— Exercise —
Once the line with "j) = sqrt (t" is found in the entries below, repeat it and each following line exactly, up to and including the line with "unfolding z_def norm_mult". Add no other lines.

Records contained in a dataset
+===+

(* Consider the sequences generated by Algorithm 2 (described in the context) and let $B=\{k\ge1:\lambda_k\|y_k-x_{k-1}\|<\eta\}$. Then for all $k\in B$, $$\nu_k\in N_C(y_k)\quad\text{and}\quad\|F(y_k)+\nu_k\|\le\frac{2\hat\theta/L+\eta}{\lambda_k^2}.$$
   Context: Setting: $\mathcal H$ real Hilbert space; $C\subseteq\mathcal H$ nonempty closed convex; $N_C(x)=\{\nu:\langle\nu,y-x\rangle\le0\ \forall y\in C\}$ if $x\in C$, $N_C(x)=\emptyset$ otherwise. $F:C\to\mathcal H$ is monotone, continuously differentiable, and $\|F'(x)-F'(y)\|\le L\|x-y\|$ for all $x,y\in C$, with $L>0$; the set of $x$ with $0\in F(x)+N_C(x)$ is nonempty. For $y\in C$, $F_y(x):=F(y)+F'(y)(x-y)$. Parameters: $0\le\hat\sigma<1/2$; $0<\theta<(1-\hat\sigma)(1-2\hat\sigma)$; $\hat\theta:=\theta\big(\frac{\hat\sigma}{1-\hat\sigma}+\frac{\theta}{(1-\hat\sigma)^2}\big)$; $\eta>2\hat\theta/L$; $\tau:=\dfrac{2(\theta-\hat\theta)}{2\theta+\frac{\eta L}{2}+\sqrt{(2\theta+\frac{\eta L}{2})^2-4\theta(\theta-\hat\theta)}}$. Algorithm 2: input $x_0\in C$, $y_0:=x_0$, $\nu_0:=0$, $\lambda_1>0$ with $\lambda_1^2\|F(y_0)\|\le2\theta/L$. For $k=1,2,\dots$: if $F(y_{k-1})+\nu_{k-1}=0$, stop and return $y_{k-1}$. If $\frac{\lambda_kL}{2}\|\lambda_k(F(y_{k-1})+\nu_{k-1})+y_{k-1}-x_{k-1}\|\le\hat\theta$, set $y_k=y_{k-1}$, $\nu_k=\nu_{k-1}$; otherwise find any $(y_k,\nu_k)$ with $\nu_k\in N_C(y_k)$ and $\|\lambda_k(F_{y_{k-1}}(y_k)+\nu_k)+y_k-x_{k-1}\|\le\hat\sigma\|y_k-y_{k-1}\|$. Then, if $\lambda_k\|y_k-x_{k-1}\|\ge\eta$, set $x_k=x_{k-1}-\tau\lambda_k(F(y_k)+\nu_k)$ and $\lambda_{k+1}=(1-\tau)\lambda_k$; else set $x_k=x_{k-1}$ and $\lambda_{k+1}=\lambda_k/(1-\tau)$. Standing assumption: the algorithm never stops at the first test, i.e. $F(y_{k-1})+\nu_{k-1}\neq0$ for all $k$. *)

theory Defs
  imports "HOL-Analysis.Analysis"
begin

+===+

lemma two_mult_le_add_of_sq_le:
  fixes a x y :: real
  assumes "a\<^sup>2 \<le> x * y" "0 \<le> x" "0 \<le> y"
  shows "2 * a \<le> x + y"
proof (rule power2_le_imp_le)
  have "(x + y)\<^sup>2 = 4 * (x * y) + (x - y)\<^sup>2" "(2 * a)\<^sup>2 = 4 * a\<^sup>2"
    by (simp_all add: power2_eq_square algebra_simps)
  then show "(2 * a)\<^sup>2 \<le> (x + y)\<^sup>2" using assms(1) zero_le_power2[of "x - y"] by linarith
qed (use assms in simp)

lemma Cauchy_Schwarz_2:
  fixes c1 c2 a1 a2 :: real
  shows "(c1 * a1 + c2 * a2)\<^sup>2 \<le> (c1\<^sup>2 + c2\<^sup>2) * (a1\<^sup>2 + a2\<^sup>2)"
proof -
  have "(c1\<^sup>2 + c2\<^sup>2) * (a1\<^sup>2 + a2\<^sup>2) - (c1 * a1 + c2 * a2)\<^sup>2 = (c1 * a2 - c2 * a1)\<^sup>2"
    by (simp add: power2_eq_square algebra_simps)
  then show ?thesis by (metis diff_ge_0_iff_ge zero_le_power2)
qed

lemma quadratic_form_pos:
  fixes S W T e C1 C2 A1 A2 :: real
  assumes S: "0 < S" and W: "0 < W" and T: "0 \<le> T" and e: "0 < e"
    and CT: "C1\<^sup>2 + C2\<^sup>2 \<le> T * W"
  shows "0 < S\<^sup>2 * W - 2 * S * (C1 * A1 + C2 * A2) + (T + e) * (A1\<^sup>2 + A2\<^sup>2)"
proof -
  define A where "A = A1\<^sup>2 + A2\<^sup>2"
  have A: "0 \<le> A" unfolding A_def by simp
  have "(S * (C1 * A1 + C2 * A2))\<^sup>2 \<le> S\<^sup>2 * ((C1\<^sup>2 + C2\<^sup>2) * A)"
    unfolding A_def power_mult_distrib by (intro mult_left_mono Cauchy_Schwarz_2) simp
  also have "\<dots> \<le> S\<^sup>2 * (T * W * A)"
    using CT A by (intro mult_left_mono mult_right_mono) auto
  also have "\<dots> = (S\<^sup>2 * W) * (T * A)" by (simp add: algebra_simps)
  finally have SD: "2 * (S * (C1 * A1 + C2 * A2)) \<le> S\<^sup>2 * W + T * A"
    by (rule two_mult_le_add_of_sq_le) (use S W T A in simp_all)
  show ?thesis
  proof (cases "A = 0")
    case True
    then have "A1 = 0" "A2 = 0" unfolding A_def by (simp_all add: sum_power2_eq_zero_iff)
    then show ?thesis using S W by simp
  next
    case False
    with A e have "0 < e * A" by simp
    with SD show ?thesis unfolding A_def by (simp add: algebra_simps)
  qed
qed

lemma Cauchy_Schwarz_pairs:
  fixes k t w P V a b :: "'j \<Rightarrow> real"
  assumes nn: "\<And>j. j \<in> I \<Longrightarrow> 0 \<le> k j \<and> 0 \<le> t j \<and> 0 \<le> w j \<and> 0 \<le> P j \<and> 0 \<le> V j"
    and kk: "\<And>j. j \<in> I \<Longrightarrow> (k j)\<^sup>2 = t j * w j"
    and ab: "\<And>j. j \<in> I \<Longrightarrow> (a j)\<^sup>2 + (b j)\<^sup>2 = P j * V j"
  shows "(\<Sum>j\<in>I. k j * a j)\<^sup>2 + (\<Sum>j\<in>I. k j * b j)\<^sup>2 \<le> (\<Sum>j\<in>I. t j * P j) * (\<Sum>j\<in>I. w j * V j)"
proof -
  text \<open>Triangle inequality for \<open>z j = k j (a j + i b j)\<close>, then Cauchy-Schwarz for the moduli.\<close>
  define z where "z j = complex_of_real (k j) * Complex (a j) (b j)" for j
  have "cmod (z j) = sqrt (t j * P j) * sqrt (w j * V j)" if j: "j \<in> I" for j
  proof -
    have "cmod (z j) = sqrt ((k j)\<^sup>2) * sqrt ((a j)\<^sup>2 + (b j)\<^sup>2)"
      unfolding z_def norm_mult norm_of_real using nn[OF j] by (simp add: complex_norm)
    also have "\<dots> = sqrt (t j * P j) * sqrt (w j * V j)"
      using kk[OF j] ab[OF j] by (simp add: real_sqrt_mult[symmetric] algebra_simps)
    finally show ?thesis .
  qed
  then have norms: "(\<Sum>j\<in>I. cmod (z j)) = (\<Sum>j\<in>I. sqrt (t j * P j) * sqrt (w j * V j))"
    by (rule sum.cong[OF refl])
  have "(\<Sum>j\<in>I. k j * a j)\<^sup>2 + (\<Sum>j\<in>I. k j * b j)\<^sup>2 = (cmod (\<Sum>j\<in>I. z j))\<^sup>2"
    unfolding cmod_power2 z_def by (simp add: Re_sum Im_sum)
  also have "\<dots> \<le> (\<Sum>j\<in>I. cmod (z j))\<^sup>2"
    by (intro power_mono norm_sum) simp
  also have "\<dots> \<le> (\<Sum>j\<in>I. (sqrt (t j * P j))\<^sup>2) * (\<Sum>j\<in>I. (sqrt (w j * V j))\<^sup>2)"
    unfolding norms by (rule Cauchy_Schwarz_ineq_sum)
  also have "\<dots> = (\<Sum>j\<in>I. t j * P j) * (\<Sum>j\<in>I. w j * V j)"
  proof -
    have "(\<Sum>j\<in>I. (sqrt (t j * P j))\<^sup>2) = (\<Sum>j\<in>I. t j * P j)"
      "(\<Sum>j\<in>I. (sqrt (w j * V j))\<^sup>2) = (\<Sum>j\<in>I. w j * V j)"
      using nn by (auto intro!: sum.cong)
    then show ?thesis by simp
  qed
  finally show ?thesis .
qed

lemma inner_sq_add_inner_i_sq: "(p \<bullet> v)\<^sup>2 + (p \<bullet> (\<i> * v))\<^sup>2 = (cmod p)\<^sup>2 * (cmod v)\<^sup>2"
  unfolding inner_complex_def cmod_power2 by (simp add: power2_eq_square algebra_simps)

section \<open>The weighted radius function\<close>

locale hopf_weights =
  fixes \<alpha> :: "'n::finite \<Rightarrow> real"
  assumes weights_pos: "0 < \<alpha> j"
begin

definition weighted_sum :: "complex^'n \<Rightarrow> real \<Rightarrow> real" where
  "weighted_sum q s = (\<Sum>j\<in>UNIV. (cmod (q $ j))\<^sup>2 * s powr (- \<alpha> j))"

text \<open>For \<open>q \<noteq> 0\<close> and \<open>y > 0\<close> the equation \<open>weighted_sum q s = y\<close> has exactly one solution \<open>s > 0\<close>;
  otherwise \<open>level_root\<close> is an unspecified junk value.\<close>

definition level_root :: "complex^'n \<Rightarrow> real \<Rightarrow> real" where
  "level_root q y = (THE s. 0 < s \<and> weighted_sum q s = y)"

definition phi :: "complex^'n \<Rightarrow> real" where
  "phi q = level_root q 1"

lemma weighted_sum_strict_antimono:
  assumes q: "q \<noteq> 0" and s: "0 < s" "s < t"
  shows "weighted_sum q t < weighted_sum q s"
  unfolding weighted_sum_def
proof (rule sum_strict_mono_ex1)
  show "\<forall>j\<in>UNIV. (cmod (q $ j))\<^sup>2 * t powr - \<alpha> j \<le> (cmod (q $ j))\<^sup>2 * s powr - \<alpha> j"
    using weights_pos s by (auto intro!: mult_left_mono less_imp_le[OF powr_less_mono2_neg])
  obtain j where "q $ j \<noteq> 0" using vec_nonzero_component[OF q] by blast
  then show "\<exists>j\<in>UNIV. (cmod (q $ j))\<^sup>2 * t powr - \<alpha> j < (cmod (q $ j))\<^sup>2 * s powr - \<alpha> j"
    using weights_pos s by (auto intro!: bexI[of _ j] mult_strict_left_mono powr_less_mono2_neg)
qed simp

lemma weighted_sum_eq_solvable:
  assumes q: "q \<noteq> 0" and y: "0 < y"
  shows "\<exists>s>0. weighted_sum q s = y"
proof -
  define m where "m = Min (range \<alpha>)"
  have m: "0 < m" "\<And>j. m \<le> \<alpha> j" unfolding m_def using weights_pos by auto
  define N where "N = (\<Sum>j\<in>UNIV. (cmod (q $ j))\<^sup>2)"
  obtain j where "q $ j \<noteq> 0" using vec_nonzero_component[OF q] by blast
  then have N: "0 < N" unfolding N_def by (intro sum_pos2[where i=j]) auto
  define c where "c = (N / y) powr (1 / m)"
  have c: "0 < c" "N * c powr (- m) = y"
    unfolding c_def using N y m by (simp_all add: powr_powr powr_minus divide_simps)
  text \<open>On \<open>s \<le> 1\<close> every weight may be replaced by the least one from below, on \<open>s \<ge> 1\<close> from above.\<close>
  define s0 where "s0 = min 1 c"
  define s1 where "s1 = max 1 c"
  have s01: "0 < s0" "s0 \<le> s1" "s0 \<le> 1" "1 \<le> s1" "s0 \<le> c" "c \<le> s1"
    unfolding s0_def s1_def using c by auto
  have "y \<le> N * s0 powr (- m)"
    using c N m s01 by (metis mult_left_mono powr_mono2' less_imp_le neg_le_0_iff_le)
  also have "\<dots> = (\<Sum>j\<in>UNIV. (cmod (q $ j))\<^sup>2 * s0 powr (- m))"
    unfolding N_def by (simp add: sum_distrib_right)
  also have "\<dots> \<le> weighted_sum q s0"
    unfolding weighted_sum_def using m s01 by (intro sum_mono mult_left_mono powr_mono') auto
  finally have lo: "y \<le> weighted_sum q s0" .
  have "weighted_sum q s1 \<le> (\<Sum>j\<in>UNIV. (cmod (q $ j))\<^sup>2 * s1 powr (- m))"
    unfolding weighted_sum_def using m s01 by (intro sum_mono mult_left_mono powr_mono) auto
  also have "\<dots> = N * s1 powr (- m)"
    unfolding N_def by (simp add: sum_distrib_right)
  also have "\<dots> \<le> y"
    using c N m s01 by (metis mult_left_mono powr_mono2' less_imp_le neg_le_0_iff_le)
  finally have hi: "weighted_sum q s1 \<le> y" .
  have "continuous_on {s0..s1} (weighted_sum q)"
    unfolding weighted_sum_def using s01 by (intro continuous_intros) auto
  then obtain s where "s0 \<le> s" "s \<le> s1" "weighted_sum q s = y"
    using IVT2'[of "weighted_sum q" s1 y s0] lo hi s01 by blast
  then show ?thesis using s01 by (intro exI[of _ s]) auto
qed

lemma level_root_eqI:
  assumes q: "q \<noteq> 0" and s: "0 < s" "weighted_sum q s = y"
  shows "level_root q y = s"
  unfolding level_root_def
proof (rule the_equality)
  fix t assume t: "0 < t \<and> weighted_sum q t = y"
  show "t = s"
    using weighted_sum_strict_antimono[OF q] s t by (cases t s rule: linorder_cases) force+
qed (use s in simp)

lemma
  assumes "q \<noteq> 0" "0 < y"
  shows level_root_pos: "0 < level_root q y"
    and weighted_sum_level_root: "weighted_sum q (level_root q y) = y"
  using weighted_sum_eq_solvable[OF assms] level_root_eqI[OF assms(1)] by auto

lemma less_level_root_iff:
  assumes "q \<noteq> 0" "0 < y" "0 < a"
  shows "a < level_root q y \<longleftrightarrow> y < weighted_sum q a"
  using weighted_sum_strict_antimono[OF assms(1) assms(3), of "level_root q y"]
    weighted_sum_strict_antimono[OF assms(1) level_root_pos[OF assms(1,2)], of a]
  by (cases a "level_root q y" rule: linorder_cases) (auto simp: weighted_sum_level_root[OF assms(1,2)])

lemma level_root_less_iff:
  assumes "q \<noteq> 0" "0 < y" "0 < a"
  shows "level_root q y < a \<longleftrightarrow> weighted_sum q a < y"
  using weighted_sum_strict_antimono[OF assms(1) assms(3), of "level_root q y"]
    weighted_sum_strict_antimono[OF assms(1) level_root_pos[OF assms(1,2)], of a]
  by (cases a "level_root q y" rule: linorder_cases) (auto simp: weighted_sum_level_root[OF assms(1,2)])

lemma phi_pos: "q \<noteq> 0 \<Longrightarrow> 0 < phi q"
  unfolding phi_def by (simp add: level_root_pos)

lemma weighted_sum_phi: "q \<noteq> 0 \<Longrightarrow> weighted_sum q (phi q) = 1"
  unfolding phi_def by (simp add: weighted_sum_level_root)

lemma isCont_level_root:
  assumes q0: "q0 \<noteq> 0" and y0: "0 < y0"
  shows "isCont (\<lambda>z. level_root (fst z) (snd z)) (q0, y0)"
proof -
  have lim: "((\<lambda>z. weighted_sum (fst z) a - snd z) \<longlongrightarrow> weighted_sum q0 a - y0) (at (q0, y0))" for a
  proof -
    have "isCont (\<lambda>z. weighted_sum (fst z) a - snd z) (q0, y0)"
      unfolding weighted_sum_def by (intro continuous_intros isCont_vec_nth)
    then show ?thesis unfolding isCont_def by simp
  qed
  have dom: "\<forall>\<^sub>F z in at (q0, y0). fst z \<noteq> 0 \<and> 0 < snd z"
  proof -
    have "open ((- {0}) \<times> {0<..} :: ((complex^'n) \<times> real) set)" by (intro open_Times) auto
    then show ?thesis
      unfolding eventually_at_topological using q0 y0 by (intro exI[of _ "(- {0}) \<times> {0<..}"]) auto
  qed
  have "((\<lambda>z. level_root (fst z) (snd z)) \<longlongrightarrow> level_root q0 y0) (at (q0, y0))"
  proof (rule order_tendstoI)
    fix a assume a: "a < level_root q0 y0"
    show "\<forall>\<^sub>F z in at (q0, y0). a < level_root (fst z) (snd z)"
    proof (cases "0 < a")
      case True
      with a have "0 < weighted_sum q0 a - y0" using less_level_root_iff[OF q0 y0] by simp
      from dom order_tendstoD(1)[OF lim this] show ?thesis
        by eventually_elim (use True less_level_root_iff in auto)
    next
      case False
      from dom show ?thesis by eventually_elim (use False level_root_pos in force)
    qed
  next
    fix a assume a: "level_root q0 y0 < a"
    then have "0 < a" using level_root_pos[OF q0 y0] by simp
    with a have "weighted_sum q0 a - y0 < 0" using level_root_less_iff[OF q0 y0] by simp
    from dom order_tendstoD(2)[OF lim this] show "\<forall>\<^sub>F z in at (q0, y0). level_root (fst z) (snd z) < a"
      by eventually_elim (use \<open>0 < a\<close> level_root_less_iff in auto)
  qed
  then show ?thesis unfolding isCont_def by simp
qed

+===+

— Task result —
  have "cmod (z j) = sqrt (t j * P j) * sqrt (w j * V j)" if j: "j \<in> I" for j
  proof -
    have "cmod (z j) = sqrt ((k j)\<^sup>2) * sqrt ((a j)\<^sup>2 + (b j)\<^sup>2)"
      unfolding z_def norm_mult norm_of_real using nn[OF j] by (simp add: complex_norm)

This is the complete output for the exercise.